MD education key to curbing $30B in Medicare errors

With healthcare costs projected to climb to 20 percent of the U.S. gross domestic product by 2020, controlling spending has become a national imperative. Although physicians influence at least 60 percent of healthcare costs, there is a dramatic disconnect between physicians’ fiscal responsibility and their knowledge of healthcare resource management, according to a viewpoint published March 20 in the Journal of the American Medical Association.

Formal education in program integrity is an essential component of medical professionalism, according to Shantanu Agrawal, MD, from the Centers for Medicare and Medicaid Services in Baltimore, and colleagues. Program integrity—which refers to losses due to inefficiencies, inappropriate payments or exploitation—includes waste, abuse and fraud.

Although few physicians are guilty of abuse and fraud, nearly all contribute to waste, which may account for 30 percent of healthcare costs, according to Agrawal et al.

The authors referred to the common scenario of discordance between billing and diagnoses, with documentation often failing to support the magnitude of billing and reimbursement. In 2011, the overall Medicare fee-for-service error rate approached nearly $30 billion. The main contributors? Insufficient documentation, lack of medical necessity and coding errors.

Agrawal and colleagues also referred to perverse incentives in the fee-for-service payment structure, including those related to physician ownership of imaging equipment. “Studies have evaluated the use of various discretionary diagnostics and found an association between physician ownership of imaging equipment and use of testing,” the authors wrote.

Another challenge is upcoding and code creep. The annual tally for coding increases is 1 to 2 percent, translating into millions of dollars in additional spending.

The authors skirted the topic of fraud and abuse, and turned to the more common issue of conflicts between patient care and payer policy. “A significant portion of physicians may be willing to deceive public and private payers when deception serves patient interests and meets a moral care obligation,” wrote Agrawal and colleagues.

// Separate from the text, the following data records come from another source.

(* Let $G$ be a two-player stage game with $|V_1^{m,p}|>1$ and $|V_2^{m,p}|>1$. If $G\in\mathcal{G}_{LS}^{m,m}$, then $G\in\mathcal{G}_{LS}^{m,p}$.
   Context: A two-player stage game $G$ has finite nonempty action sets $A_1,A_2$ and payoffs $u_1,u_2:A_1\times A_2\to\mathbb{R}$, extended to mixed strategies by expectation. $G(T)$ is the $T$-round repetition with realized actions observed each round and payoffs the expected sum of stage payoffs; an SPE of $G(T)$ is a strategy profile whose continuation after every history of length $k<T$ is a Nash equilibrium of $G(T-k)$. Regimes: pure-pure ($p,p$): both players restricted to actions (in the stage game and in every round, including deviations); mixed-pure ($m,p$): player 1 may mix, player 2 uses only actions; mixed-mixed ($m,m$): both may mix. For regime $r$, $\mathrm{Nash}^r(G)$ is the set of stage-game profiles available in $r$ from which no player can profitably deviate unilaterally to a strategy available in $r$, and $V_i^r=\{u_i(\sigma):\sigma\in\mathrm{Nash}^r(G)\}$. Locally suboptimal behavior occurs in an SPE $\mu$ of $G(T)$ (regime $r$) if for some history $h$ of length $k<T$, $(\mu_1(h),\mu_2(h))\notin\mathrm{Nash}^r(G)$. $\mathcal{G}_{LS}^r$ is the set of stage games $G$ for which there exist $T\ge1$ and an SPE of $G(T)$ in regime $r$ in which locally suboptimal behavior occurs. *)

theory Defs
  imports Main "HOL-Library.Indicator_Function" Complex_Main
begin

text \<open>A two-player stage game: finite nonempty action sets A1, A2 and payoffs
u1, u2 :: 'a => 'b => real.\<close>

definition is_mixed :: "'a set \<Rightarrow> ('a \<Rightarrow> real) \<Rightarrow> bool" where
  "is_mixed A p \<longleftrightarrow> (\<forall>x. 0 \<le> p x) \<and> (\<forall>x. x \<notin> A \<longrightarrow> p x = 0) \<and> sum p A = 1"

definition point_mass :: "'a \<Rightarrow> 'a \<Rightarrow> real" where
  "point_mass a = (\<lambda>x. if x = a then 1 else 0)"

definition avail :: "bool \<Rightarrow> 'a set \<Rightarrow> ('a \<Rightarrow> real) set" where
  "avail mix A = (if mix then {p. is_mixed A p} else point_mass ` A)"

text \<open>A regime is a pair (player 1 may mix, player 2 may mix):
(m,m) = (True,True), (m,p) = (True,False), (p,p) = (False,False).\<close>
type_synonym regime = "bool \<times> bool"
(* Let $K$ be a field of characteristic zero, $x=(x_1,\dots,x_n)$, and let $f,h\in K[x]$ with $\deg(f-h)=1$. If there exists a vector $v\in K^n$ such that $\mathcal{J}h\cdot v=0\neq\mathcal{J}f\cdot v$, then $f$ is a tame coordinate.
   Context: $\mathcal{J}h=(\partial h/\partial x_1,\dots,\partial h/\partial x_n)$ is the Jacobian (row vector). A polynomial $f$ is a tame coordinate if it is a component of a tame automorphism, i.e. of an invertible polynomial map that is a composition of invertible linear (affine) maps and elementary maps $(x_1+p(x_2,\dots,x_n),x_2,\dots,x_n)$. *)

theory Defs
  imports "HOL-Library.Poly_Mapping"
begin

text \<open>Multivariate polynomials over 'a: finitely supported maps from monomials
(exponent vectors, nat-to-nat finitely supported, variable i has index i) to coefficients.
The ring K[x_1,...,x_n] is represented by the polynomials only involving the
variables with indices 0,...,n-1.\<close>

type_synonym 'a mpoly = "(nat \<Rightarrow>\<^sub>0 nat) \<Rightarrow>\<^sub>0 'a"

definition Var :: "nat \<Rightarrow> 'a::comm_ring_1 mpoly" where
  "Var i = Poly_Mapping.single (Poly_Mapping.single i 1) 1"

definition Const :: "'a::comm_ring_1 \<Rightarrow> 'a mpoly" where
  "Const c = Poly_Mapping.single 0 c"

definition vars_in :: "nat set \<Rightarrow> 'a::comm_ring_1 mpoly \<Rightarrow> bool" where
  "vars_in S p \<longleftrightarrow> (\<forall>m\<in>Poly_Mapping.keys p. Poly_Mapping.keys m \<subseteq> S)"

definition mon_deg :: "(nat \<Rightarrow>\<^sub>0 nat) \<Rightarrow> nat" where
  "mon_deg m = (\<Sum>i\<in>Poly_Mapping.keys m. Poly_Mapping.lookup m i)"

text \<open>Total degree (the zero polynomial gets 0 here; it never has degree 1).\<close>
definition total_degree :: "'a::comm_ring_1 mpoly \<Rightarrow> nat" where
  "total_degree p = Max (insert 0 (mon_deg ` Poly_Mapping.keys p))"

definition pderiv_mp :: "nat \<Rightarrow> 'a::comm_ring_1 mpoly \<Rightarrow> 'a mpoly" where
  "pderiv_mp i p = (\<Sum>m\<in>Poly_Mapping.keys p.
      Poly_Mapping.single (m - Poly_Mapping.single i 1) (of_nat (Poly_Mapping.lookup m i) * Poly_Mapping.lookup p m))"

text \<open>Jacobian row vector of p (in n variables) applied to the column vector v:
  (Jp) v = sum_i v_i * dp/dx_i.\<close>
definition jac_apply :: "nat \<Rightarrow> 'a::comm_ring_1 mpoly \<Rightarrow> (nat \<Rightarrow> 'a) \<Rightarrow> 'a mpoly" where
  "jac_apply n p v = (\<Sum>i<n. Const (v i) * pderiv_mp i p)"

definition subst :: "(nat \<Rightarrow> 'a::comm_ring_1 mpoly) \<Rightarrow> 'a mpoly \<Rightarrow> 'a mpoly" where
  "subst s p = (\<Sum>m\<in>Poly_Mapping.keys p. Const (Poly_Mapping.lookup p m) * (\<Prod>i\<in>Poly_Mapping.keys m. s i ^ Poly_Mapping.lookup m i))"

text \<open>Polynomial maps K^n \<rightarrow> K^n are given by their components F 0, ..., F (n-1);
components with index \<ge> n are normalised to the identity.
comp_map n F G is the map F \<circ> G, i.e. (F \<circ> G)_i = F_i(G_0,...,G_(n-1)).\<close>
definition comp_map :: "nat \<Rightarrow> (nat \<Rightarrow> 'a::comm_ring_1 mpoly) \<Rightarrow> (nat \<Rightarrow> 'a mpoly) \<Rightarrow> (nat \<Rightarrow> 'a mpoly)" where
  "comp_map n F G = (\<lambda>i. if i < n then subst G (F i) else Var i)"

definition affine_aut :: "nat \<Rightarrow> (nat \<Rightarrow> 'a::field mpoly) \<Rightarrow> bool" where
  "affine_aut n F \<longleftrightarrow> (\<exists>A B :: nat \<Rightarrow> nat \<Rightarrow> 'a. \<exists>b :: nat \<Rightarrow> 'a.
      (\<forall>i<n. \<forall>j<n. (\<Sum>k<n. A i k * B k j) = (if i = j then 1 else 0)) \<and>
      (\<forall>i<n. \<forall>j<n. (\<Sum>k<n. B i k * A k j) = (if i = j then 1 else 0)) \<and>
      F = (\<lambda>i. if i < n then (\<Sum>j<n. Const (A i j) * Var j) + Const (b i) else Var i))"

text \<open>Elementary maps (x_1 + p(x_2,...,x_n), x_2, ..., x_n); with 0-based indices
the first variable is x_0 and p involves only x_1, ..., x_(n-1).\<close>
definition elementary_aut :: "nat \<Rightarrow> (nat \<Rightarrow> 'a::field mpoly) \<Rightarrow> bool" where
  "elementary_aut n F \<longleftrightarrow> 0 < n \<and> (\<exists>p. vars_in {1..<n} p \<and>
      F = (\<lambda>i. if i = 0 then Var 0 + p else Var i))"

The solution, according to the authors, is greater physician education and awareness. However, existing opportunities for program integrity education are sparse. The authors outlined three pathways to remedy the disconnect. These are:

  • Graduate medical education—adding specialty-specific training in program integrity to residency and fellowship training programs.
  • Licensure—Requiring practicing physicians to complete CME credits in program integrity during licensure renewal.
  • Specialty certification—Including demonstration of program integrity knowledge in maintenance of certification requirements.

Agrawal concluded by noting that pending payment reform will impact incentives but does not supplant the need for physician awareness.